I’ve been preoccupied with the cost of HIV and AIDS medications for some time, as I am developing a narrative feature film and companion documentary on the subject. I recently spoke with HIV patients living on Medicaid in Alabama that said they could not always afford an $8 copay for their medications — capitalism doesn’t work without compassion, and there are few regulations placed on morality in business. The truth is, even if we cap out-of-pocket expenses, someone will still have to foot the bill for exorbitantly over-priced medication, and the cost will inevitably have consequences for consumers.
To understand what this scandal really means for patients who need access to Daraprim, I reached out to infectious disease specialist Dr. Kalvin Brewer-Yu, who is currently the chief integration officer at Kaiser Permanente Southern California.

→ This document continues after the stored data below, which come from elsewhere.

(* Let $\phi,\psi$ be injective endomorphisms of $F_n$. Then the action of $\mathrm{Eq}(\phi,\psi)$ on the set of regular points of $\mathrm{Eq}(\widehat\phi,\widehat\psi)$, by left multiplication, has finitely many orbits.
   Context: $F_n$ is the free group on a finite basis $A$; elements are identified with reduced words over $\widetilde A=A\cup A^{-1}$; maps are written on the right. For reduced words $u,v$, $u\wedge v$ is their longest common prefix. $\widehat F_n$ is the completion of $F_n$ for the prefix metric $d(u,v)=2^{-|u\wedge v|}$ ($u\neq v$), $d(u,u)=0$; it is the set of all finite and infinite reduced words over $\widetilde A$. An injective endomorphism $\phi$ of $F_n$ has a unique continuous extension $\widehat\phi$ to $\widehat F_n$. $\mathrm{Eq}(\phi,\psi)=\{x\in F_n\mid x\phi=x\psi\}$ (a subgroup) and $\mathrm{Eq}(\widehat\phi,\widehat\psi)=\{x\in\widehat F_n\mid x\widehat\phi=x\widehat\psi\}$. The subgroup $\mathrm{Eq}(\phi,\psi)$ acts on $\mathrm{Eq}(\widehat\phi,\widehat\psi)$ by left multiplication $u\cdot\alpha=$ reduced form of $u\alpha$. A point of $\mathrm{Eq}(\widehat\phi,\widehat\psi)$ is singular if it lies in the topological closure of $\mathrm{Eq}(\phi,\psi)$ in $\widehat F_n$, and regular otherwise. *)

theory Defs
  imports "HOL-Analysis.Analysis"
begin

text \<open>Free group F_n on a finite basis, given by the finite type 'a.
  A letter (a, True) stands for the generator a, (a, False) for its inverse.\<close>

type_synonym 'a letter = "'a \<times> bool"
type_synonym 'a word = "'a letter list"

definition inv1 :: "'a letter \<Rightarrow> 'a letter" where
  "inv1 x = (fst x, \<not> snd x)"

definition reduced :: "'a word \<Rightarrow> bool" where
  "reduced w \<longleftrightarrow> (\<forall>i. Suc i < length w \<longrightarrow> w ! Suc i \<noteq> inv1 (w ! i))"

fun red :: "'a word \<Rightarrow> 'a word" where
  "red [] = []"
| "red (x # w) = (case red w of [] \<Rightarrow> [x]
                   | y # v \<Rightarrow> (if y = inv1 x then v else x # y # v))"

definition winv :: "'a word \<Rightarrow> 'a word" where
  "winv w = rev (map inv1 w)"

definition mult :: "'a word \<Rightarrow> 'a word \<Rightarrow> 'a word" where
  "mult u v = red (u @ v)"

definition FG :: "'a word set" where
  "FG = {w. reduced w}"

text \<open>The endomorphism of F_n sending each generator a to (the reduced form of) f a.
  Every endomorphism of F_n arises this way.\<close>
definition hom :: "('a \<Rightarrow> 'a word) \<Rightarrow> 'a word \<Rightarrow> 'a word" where
  "hom f w = red (concat (map (\<lambda>x. if snd x then f (fst x) else winv (f (fst x))) w))"

definition inj_endo :: "('a \<Rightarrow> 'a word) \<Rightarrow> bool" where
  "inj_endo f \<longleftrightarrow> inj_on (hom f) FG"

text \<open>Finite and infinite words; the completion is the set of reduced ones.\<close>
datatype 'a fw = Fin "'a word" | Inf "nat \<Rightarrow> 'a letter"

fun letter_at :: "'a fw \<Rightarrow> nat \<Rightarrow> 'a letter option" where
  "letter_at (Fin w) i = (if i < length w then Some (w ! i) else None)"
| "letter_at (Inf f) i = Some (f i)"

fun valid :: "'a fw \<Rightarrow> bool" where
  "valid (Fin w) = reduced w"
| "valid (Inf f) = (\<forall>i. f (Suc i) \<noteq> inv1 (f i))"

definition hatF :: "'a fw set" where
  "hatF = {x. valid x}"

text \<open>Length of the longest common prefix (for distinct elements).\<close>
definition lcp :: "'a fw \<Rightarrow> 'a fw \<Rightarrow> nat" where
  "lcp x y = (LEAST i. letter_at x i \<noteq> letter_at y i)"

definition dpre :: "'a fw \<Rightarrow> 'a fw \<Rightarrow> real" where
  "dpre x y = (if x = y then 0 else 2 powr (- real (lcp x y)))"

definition Ttop :: "'a fw topology" where
  "Ttop = Metric_space.mtopology hatF dpre"

text \<open>The continuous extension of the endomorphism given by f to the completion
  (the unique continuous map hatF \<rightarrow> hatF extending it; normalized outside hatF).\<close>
definition hatHom :: "('a \<Rightarrow> 'a word) \<Rightarrow> 'a fw \<Rightarrow> 'a fw" where
  "hatHom f = (THE \<Phi>. continuous_map Ttop Ttop \<Phi>
        \<and> (\<forall>w\<in>FG. \<Phi> (Fin w) = Fin (hom f w))
        \<and> (\<forall>x. x \<notin> hatF \<longrightarrow> \<Phi> x = Fin []))"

Williamson: What is Daraprim?
Brewer-Yu: Daraprim is actually a drug called pyrimethamine, which is what it’s been known as for decades. It is the cornerstone drug of a combination of two or three drugs used to treat toxoplasmosis, an infection in the brain that can cause blindness, seizures, and neurologic deficits in movement. It is acquired by ingesting the toxoplasmosis organism via undercooked meat and contamination with cat feces. People with immune system deficiencies and pregnant women are particularly at risk.
How have you seen toxoplasmosis affect patients living with HIV?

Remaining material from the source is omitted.